The battle would play out in Congress, and it would be reminiscent of the contentious passage of the Kansas-Nebraska Act in 1854. It would be a protracted battle between the Democrats and Republicans, with the Democratic president, this time President Buchanan rather than President Franklin Pierce in 1854, expending virtually all of his political capital to pursue passage of the bill in the House of Representatives. See id. at 320. Congress passed a bill which would require a referendum for Kansans to reduce the amount of land in the territory while preserving slavery, and if Kansans did not approve this measure, they could not seek admission as a state until the population reached 90,000. See id. at 324. In compliance with the new law, for the third time, Kansans went to the polls and voted on the Lecompton constitution, rewritten by Congress, and the voters overwhelmingly rejected it. See id. Kansans did not have an appetite for approving a constitution that allowed slavery.
Kansas would not become a state until 1861, and the South had virtually nothing to show for all its work in attempting to have Kansas admitted as a slave state.

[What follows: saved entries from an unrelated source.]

text \<open>For an ascent \<open>w(i) < w(i + 1)\<close> we have \<open>\<kappa>\<^sub>w = \<pi>\<^sub>i \<kappa>\<^bsub>w s\<^sub>i\<^esub>\<close>, and along this recursion
  we keep two invariants: (1) every exponent of \<open>\<kappa>\<^sub>w\<close> lies in the convex hull of the permutations
  \<open>\<sigma> \<ge> w\<close>, and (2) every such \<open>x\<^sup>\<sigma>\<close> occurs in \<open>\<kappa>\<^sub>w\<close> with coefficient 1.
  The exponents of \<open>\<pi>\<^sub>i x\<^sup>\<beta>\<close> lie on the segment from \<open>\<beta>\<close> to \<open>\<beta> s\<^sub>i\<close>, and by the lifting
  property \<open>\<sigma> s\<^sub>i \<ge> w\<close> whenever \<open>\<sigma> \<ge> w s\<^sub>i\<close>; this propagates (1). For (2), an exponent inside the
  permutohedron contributes to \<open>x\<^sup>\<sigma>\<close> under \<open>\<pi>\<^sub>i\<close> only if it is \<open>\<sigma>\<close> or \<open>\<sigma> s\<^sub>i\<close>, and then only the
  Bruhat-larger of the two does, with coefficient 1; that one lies above \<open>w s\<^sub>i\<close>, again by the
  lifting property. Hence the Newton polytope is the convex hull of \<open>{\<sigma>. w \<le> \<sigma>}\<close>, which is
  \<open>Q\<^bsub>w,w\<^sub>0\<^esub>\<close> since \<open>w\<^sub>0\<close> is the top element.\<close>

section \<open>Adjacent transpositions and the Bruhat order\<close>

definition swap_list :: "nat \<Rightarrow> nat list \<Rightarrow> nat list" where
  "swap_list i a = a[i := a ! Suc i, Suc i := a ! i]"

lemma length_swap_list [simp]: "length (swap_list i a) = length a"
  by (simp add: swap_list_def)

lemma swap_idx_swap_idx [simp]: "swap_idx i (swap_idx i j) = j"
  by (auto simp: swap_idx_def)

lemma swap_idx_eq_iff: "swap_idx i j = k \<longleftrightarrow> j = swap_idx i k"
  by (auto simp: swap_idx_def)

Following the Dred Scott decision, the Kansas-Nebraska Act, and the Compromise of 1850, this failure to admit Kansas was a blow to the South but also to the Democratic Party, which had become entrenched in the South. While Kansas was not crucial to the future of the slave economy, it was a symbolic fight for southerners who had hoped to spread the institution as new states were admitted. In this sense, it was an attenuated battle between two ideologies, but each time the issue was raised in the political discourse, tensions flared and an outpouring of resources came on each side.
Kansans had a free and fair choice to consider permitting slavery and admission as a slave state, but the will to embrace the South and its ideology was not present. While contemporaries and historians since then have dissected the reasons for that, one crucial development was that the South could reinforce its narrative of northern oppression of slavery and the South’s economy with the saga surrounding the Lecompton constitution. This narrative had been building for years, even decades, and the longer the narrative continued, the more escalated tensions became. Kansas, through Bleeding Kansas and the Lecompton constitution, was a western territory pushing the eastern sections of the country toward greater conflict. Astute observers of politics in the late 1850s realized this, but none could have expected that within a matter of a few years, a second American revolution would begin.